◆ **Task objective**: Go through the following data and transcribe exactly the stretch of lines from the one holding "contraction, so Cauchy-Schwarz" to the one holding "factorizes \<open>tau (P\<^sup>2)\<close>", both included.

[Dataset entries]
(* Let $(\{\mathcal M_{A_i}\}_{i=1}^m,\tau)$ be a mutually commuting von Neumann algebra (MCvNA) model of a network $\Xi(n,m)$ with maximal independence number $h_{\max}$, i.e. $\tau$ is a network state. Let $2\le h\le h_{\max}$, let $R=\{r_1,\dots,r_h\}\in\Gamma(n,m,h^{D_h})$, and for every $i\in\{1,\dots,m\}$ let $A_{i,0},A_{i,1}\in\mathcal M_{A_i}$ be observables. Then $$\mathcal S_\tau=|I_\tau|^{1/h}+|J_\tau|^{1/h}\le 2\sqrt2 .$$
   Context: A network $\Xi(n,m)$ consists of $m$ parties $\mathbf A_1,\dots,\mathbf A_m$ and $n$ sources, each source being distributed to some subset of the parties. A set of parties is called independent if no two of its members receive a common source. For an integer $h$, $\Gamma(n,m,h^{D_h})$ denotes the family (of cardinality $D_h$) of all index sets $\{r_1,\dots,r_h\}\subset\{1,\dots,m\}$ such that $\mathbf A_{r_1},\dots,\mathbf A_{r_h}$ are independent; $h_{\max}$ is the largest $h$ for which this family is nonempty, and one always takes $2\le h\le h_{\max}$. MCvNA model of the network: von Neumann algebras $\mathcal M_{A_1},\dots,\mathcal M_{A_m}\subset\mathcal B(H)$ on a common Hilbert space $H$ which mutually commute ($\mathcal M_{A_i}\subset\mathcal M_{A_j}'$ for $i\neq j$), together with a state $\tau$ (positive linear functional with $\tau(I)=1$) on $\mathcal M_{A_1A_2\cdots A_m}:=(\mathcal M_{A_1}\vee\cdots\vee\mathcal M_{A_m})''$, called a network state, such that for every $h$ with $2\le h\le h_{\max}$ and every $\{r_1,\dots,r_h\}\in\Gamma(n,m,h^{D_h})$, $$\tau(A_{r_1}A_{r_2}\cdots A_{r_h})=\tau(A_{r_1})\tau(A_{r_2})\cdots\tau(A_{r_h})\quad\text{for all }A_{r_k}\in\mathcal M_{A_{r_k}}.$$ Observables: for each party $i$, $A_{i,0},A_{i,1}$ are self-adjoint elements of $\mathcal M_{A_i}$ with $-I\le A_{i,x}\le I$ (two inputs $x\in\{0,1\}$, outputs $\pm1$). Bell-type quantities: for fixed $h$ and $R=\{r_1,\dots,r_h\}\in\Gamma(n,m,h^{D_h})$, writing $R^c=\{1,\dots,m\}\setminus R$, $$I_\tau=\tau\Big(\prod_{i\in R}(A_{i,0}+A_{i,1})\prod_{j\in R^c}A_{j,0}\Big),\qquad J_\tau=\tau\Big(\prod_{i\in R}(A_{i,0}-A_{i,1})\prod_{j\in R^c}A_{j,1}\Big),$$ and $\mathcal S_\tau=|I_\tau|^{1/h}+|J_\tau|^{1/h}$ (the order of factors is irrelevant since the algebras commute). *)

theory Defs
  imports "HOL-Analysis.Analysis"
begin

class complex_vector = real_vector +
  fixes scaleC :: "complex \<Rightarrow> 'a \<Rightarrow> 'a" (infixr "*\<^sub>C" 75)
  assumes scaleC_add_right: "a *\<^sub>C (x + y) = a *\<^sub>C x + a *\<^sub>C y"
    and scaleC_add_left: "(a + b) *\<^sub>C x = a *\<^sub>C x + b *\<^sub>C x"
    and scaleC_scaleC: "a *\<^sub>C (b *\<^sub>C x) = (a * b) *\<^sub>C x"
    and scaleC_one: "1 *\<^sub>C x = x"
    and scaleR_scaleC: "scaleR r x = complex_of_real r *\<^sub>C x"

class complex_inner = complex_vector + real_normed_vector +
  fixes cinner :: "'a \<Rightarrow> 'a \<Rightarrow> complex"
  assumes cinner_conj: "cinner x y = cnj (cinner y x)"
    and cinner_add_right: "cinner x (y + z) = cinner x y + cinner x z"
    and cinner_scaleC_right: "cinner x (a *\<^sub>C y) = a * cinner x y"
    and cinner_self_nonneg: "0 \<le> Re (cinner x x)"
    and cinner_self_eq_zero: "cinner x x = 0 \<longleftrightarrow> x = 0"
    and norm_eq_sqrt_cinner: "norm x = sqrt (Re (cinner x x))"

class chilbert_space = complex_inner + complete_space

text \<open>Consistency check: the complex numbers form a complex Hilbert space.\<close>
instantiation complex :: chilbert_space
begin
definition scaleC_complex :: "complex \<Rightarrow> complex \<Rightarrow> complex" where
  "scaleC_complex a x = a * x"
definition cinner_complex :: "complex \<Rightarrow> complex \<Rightarrow> complex" where
  "cinner_complex x y = cnj x * y"
instance
proof
  fix a b x y z :: complex and r :: real
  show "a *\<^sub>C (x + y) = a *\<^sub>C x + a *\<^sub>C y" by (simp add: scaleC_complex_def algebra_simps)
  show "(a + b) *\<^sub>C x = a *\<^sub>C x + b *\<^sub>C x" by (simp add: scaleC_complex_def algebra_simps)
  show "a *\<^sub>C (b *\<^sub>C x) = (a * b) *\<^sub>C x" by (simp add: scaleC_complex_def algebra_simps)
  show "1 *\<^sub>C x = x" by (simp add: scaleC_complex_def)
  show "scaleR r x = complex_of_real r *\<^sub>C x" by (simp add: scaleC_complex_def scaleR_conv_of_real)
  show "cinner x y = cnj (cinner y x)" by (simp add: cinner_complex_def mult.commute)
  show "cinner x (y + z) = cinner x y + cinner x z" by (simp add: cinner_complex_def algebra_simps)
  show "cinner x (a *\<^sub>C y) = a * cinner x y" by (simp add: cinner_complex_def scaleC_complex_def algebra_simps)
  show "0 \<le> Re (cinner x x)" by (simp add: cinner_complex_def)
  show "cinner x x = 0 \<longleftrightarrow> x = 0" by (simp add: cinner_complex_def)
  show "norm x = sqrt (Re (cinner x x))"
    by (simp add: cinner_complex_def cmod_def power2_eq_square)
qed
end

definition bounded_clinear_op :: "('h::complex_inner \<Rightarrow> 'h) \<Rightarrow> bool" where
  "bounded_clinear_op T \<longleftrightarrow>
     (\<forall>x y. T (x + y) = T x + T y) \<and> (\<forall>c x. T (c *\<^sub>C x) = c *\<^sub>C T x) \<and>
     (\<exists>K. \<forall>x. norm (T x) \<le> norm x * K)"

definition BH :: "('h::complex_inner \<Rightarrow> 'h) set" where
  "BH = {T. bounded_clinear_op T}"

definition adj :: "('h::complex_inner \<Rightarrow> 'h) \<Rightarrow> ('h \<Rightarrow> 'h)" where
  "adj T = (SOME S. \<forall>x y. cinner (S x) y = cinner x (T y))"

definition op_plus :: "('h::complex_inner \<Rightarrow> 'h) \<Rightarrow> ('h \<Rightarrow> 'h) \<Rightarrow> ('h \<Rightarrow> 'h)" where
  "op_plus A B = (\<lambda>x. A x + B x)"

definition op_minus :: "('h::complex_inner \<Rightarrow> 'h) \<Rightarrow> ('h \<Rightarrow> 'h) \<Rightarrow> ('h \<Rightarrow> 'h)" where
  "op_minus A B = (\<lambda>x. A x - B x)"

definition op_scale :: "complex \<Rightarrow> ('h::complex_inner \<Rightarrow> 'h) \<Rightarrow> ('h \<Rightarrow> 'h)" where
  "op_scale c A = (\<lambda>x. c *\<^sub>C A x)"

definition pos_op :: "('h::complex_inner \<Rightarrow> 'h) \<Rightarrow> bool" where
  "pos_op P \<longleftrightarrow> (\<forall>x. Im (cinner x (P x)) = 0 \<and> 0 \<le> Re (cinner x (P x)))"

definition op_le :: "('h::complex_inner \<Rightarrow> 'h) \<Rightarrow> ('h \<Rightarrow> 'h) \<Rightarrow> bool" where
  "op_le A B \<longleftrightarrow> pos_op (op_minus B A)"

definition commutant :: "('h::complex_inner \<Rightarrow> 'h) set \<Rightarrow> ('h \<Rightarrow> 'h) set" where
  "commutant S = {T \<in> BH. \<forall>A\<in>S. T \<circ> A = A \<circ> T}"

definition von_neumann_algebra :: "('h::complex_inner \<Rightarrow> 'h) set \<Rightarrow> bool" where
  "von_neumann_algebra M \<longleftrightarrow>
     M \<subseteq> BH \<and> (\<forall>A\<in>M. adj A \<in> M) \<and> commutant (commutant M) = M"

definition joint_vN :: "(nat \<Rightarrow> ('h::complex_inner \<Rightarrow> 'h) set) \<Rightarrow> nat \<Rightarrow> ('h \<Rightarrow> 'h) set" where
  "joint_vN M m = commutant (commutant (\<Union>i\<in>{1..m}. M i))"

definition is_state :: "('h::complex_inner \<Rightarrow> 'h) set \<Rightarrow> (('h \<Rightarrow> 'h) \<Rightarrow> complex) \<Rightarrow> bool" where
  "is_state N tau \<longleftrightarrow>
     (\<forall>A\<in>N. \<forall>B\<in>N. tau (op_plus A B) = tau A + tau B) \<and>
     (\<forall>c. \<forall>A\<in>N. tau (op_scale c A) = c * tau A) \<and>
     (\<forall>P\<in>N. pos_op P \<longrightarrow> Im (tau P) = 0 \<and> 0 \<le> Re (tau P)) \<and>
     tau id = 1"

definition prod_ops :: "(nat \<Rightarrow> ('h \<Rightarrow> 'h)) \<Rightarrow> nat set \<Rightarrow> ('h \<Rightarrow> 'h)" where
  "prod_ops f S = foldr (\<lambda>i acc. f i \<circ> acc) (sorted_list_of_set S) id"

text \<open>Network Xi(n,m): sources 1..n, parties 1..m; src s is the set of parties receiving source s.\<close>
definition network :: "nat \<Rightarrow> nat \<Rightarrow> (nat \<Rightarrow> nat set) \<Rightarrow> bool" where
  "network n m src \<longleftrightarrow> (\<forall>s\<in>{1..n}. src s \<subseteq> {1..m})"

definition independent_parties :: "nat \<Rightarrow> (nat \<Rightarrow> nat set) \<Rightarrow> nat set \<Rightarrow> bool" where
  "independent_parties n src R \<longleftrightarrow>
     (\<forall>i\<in>R. \<forall>j\<in>R. i \<noteq> j \<longrightarrow> \<not> (\<exists>s\<in>{1..n}. i \<in> src s \<and> j \<in> src s))"

definition Gamma_net :: "nat \<Rightarrow> nat \<Rightarrow> (nat \<Rightarrow> nat set) \<Rightarrow> nat \<Rightarrow> nat set set" where
  "Gamma_net n m src h = {R. R \<subseteq> {1..m} \<and> card R = h \<and> independent_parties n src R}"

definition hmax :: "nat \<Rightarrow> nat \<Rightarrow> (nat \<Rightarrow> nat set) \<Rightarrow> nat" where
  "hmax n m src = Max {h. Gamma_net n m src h \<noteq> {}}"

definition network_state ::
  "nat \<Rightarrow> nat \<Rightarrow> (nat \<Rightarrow> nat set) \<Rightarrow> (nat \<Rightarrow> ('h::complex_inner \<Rightarrow> 'h) set)
     \<Rightarrow> (('h \<Rightarrow> 'h) \<Rightarrow> complex) \<Rightarrow> bool" where
  "network_state n m src M tau \<longleftrightarrow>
     (\<forall>h. 2 \<le> h \<and> h \<le> hmax n m src \<longrightarrow>
        (\<forall>R\<in>Gamma_net n m src h. \<forall>A. (\<forall>k\<in>R. A k \<in> M k) \<longrightarrow>
            tau (prod_ops A R) = (\<Prod>k\<in>R. tau (A k))))"

definition mcvna_model ::
  "nat \<Rightarrow> nat \<Rightarrow> (nat \<Rightarrow> nat set) \<Rightarrow> (nat \<Rightarrow> ('h::complex_inner \<Rightarrow> 'h) set)
     \<Rightarrow> (('h \<Rightarrow> 'h) \<Rightarrow> complex) \<Rightarrow> bool" where
  "mcvna_model n m src M tau \<longleftrightarrow>
     (\<forall>i\<in>{1..m}. von_neumann_algebra (M i)) \<and>
     (\<forall>i\<in>{1..m}. \<forall>j\<in>{1..m}. i \<noteq> j \<longrightarrow> M i \<subseteq> commutant (M j)) \<and>
     is_state (joint_vN M m) tau \<and>
     network_state n m src M tau"

definition observable_in :: "('h::complex_inner \<Rightarrow> 'h) set \<Rightarrow> ('h \<Rightarrow> 'h) \<Rightarrow> bool" where
  "observable_in M A \<longleftrightarrow> A \<in> M \<and> adj A = A \<and> op_le (op_scale (-1) id) A \<and> op_le A id"

definition I_tau :: "nat \<Rightarrow> nat set \<Rightarrow> (nat \<Rightarrow> ('h::complex_inner \<Rightarrow> 'h)) \<Rightarrow> (nat \<Rightarrow> ('h \<Rightarrow> 'h))
     \<Rightarrow> (('h \<Rightarrow> 'h) \<Rightarrow> complex) \<Rightarrow> complex" where
  "I_tau m R A0 A1 tau =
     tau (prod_ops (\<lambda>i. if i \<in> R then op_plus (A0 i) (A1 i) else A0 i) {1..m})"

definition J_tau :: "nat \<Rightarrow> nat set \<Rightarrow> (nat \<Rightarrow> ('h::complex_inner \<Rightarrow> 'h)) \<Rightarrow> (nat \<Rightarrow> ('h \<Rightarrow> 'h))
     \<Rightarrow> (('h \<Rightarrow> 'h) \<Rightarrow> complex) \<Rightarrow> complex" where
  "J_tau m R A0 A1 tau =
     tau (prod_ops (\<lambda>i. if i \<in> R then op_minus (A0 i) (A1 i) else A1 i) {1..m})"

definition S_tau :: "nat \<Rightarrow> nat \<Rightarrow> nat set \<Rightarrow> (nat \<Rightarrow> ('h::complex_inner \<Rightarrow> 'h)) \<Rightarrow> (nat \<Rightarrow> ('h \<Rightarrow> 'h))
     \<Rightarrow> (('h \<Rightarrow> 'h) \<Rightarrow> complex) \<Rightarrow> real" where
  "S_tau h m R A0 A1 tau =
     cmod (I_tau m R A0 A1 tau) powr (1 / real h) + cmod (J_tau m R A0 A1 tau) powr (1 / real h)"

end

theory Submission
  imports Defs
begin

text \<open>Write the operator inside \<open>I_tau\<close> as \<open>P X\<close>, where \<open>P\<close> is the product over
  the independent set \<open>R\<close> of the \<open>A0 i + A1 i\<close> and \<open>X\<close> is the product of the
  remaining \<open>A0 j\<close>. All factors commute, \<open>P\<close> is hermitian and \<open>X\<close> is a hermitian
  contraction, so Cauchy-Schwarz for the state gives
  \<open>|tau (P X)|\<^sup>2 \<le> tau (P\<^sup>2) tau (X\<^sup>2) \<le> tau (P\<^sup>2)\<close>, and independence of \<open>R\<close>
  factorizes \<open>tau (P\<^sup>2)\<close> into the product of the \<open>tau ((A0 i + A1 i)\<^sup>2)\<close>.
  The same holds for \<open>J_tau\<close> with differences. As
  \<open>tau ((A0 + A1)\<^sup>2) + tau ((A0 - A1)\<^sup>2) = 2 tau (A0\<^sup>2) + 2 tau (A1\<^sup>2) \<le> 4\<close>,
  AM-GM gives \<open>|I_tau|\<^bsup>2/h\<^esup> + |J_tau|\<^bsup>2/h\<^esup> \<le> 4\<close>, hence the sum of the
  \<open>h\<close>-th roots is at most \<open>2 sqrt 2\<close>.\<close>

section \<open>Real inequalities\<close>

lemma powr_square_eq_square_powr:
  fixes x :: real
  assumes "0 \<le> x"
  shows "(x powr a)\<^sup>2 = (x\<^sup>2) powr a"
proof (cases "x = 0")
  case False
  then have "(x powr a)\<^sup>2 = (x powr 2) powr a"
    by (simp add: powr_power powr_powr mult.commute)
  also have "x powr 2 = x\<^sup>2"
    using assms False powr_realpow[of x 2] by simp
  finally show ?thesis .
qed simp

◆ **Solution to this task**:
  contraction, so Cauchy-Schwarz for the state gives
  \<open>|tau (P X)|\<^sup>2 \<le> tau (P\<^sup>2) tau (X\<^sup>2) \<le> tau (P\<^sup>2)\<close>, and independence of \<open>R\<close>
  factorizes \<open>tau (P\<^sup>2)\<close> into the product of the \<open>tau ((A0 i + A1 i)\<^sup>2)\<close>.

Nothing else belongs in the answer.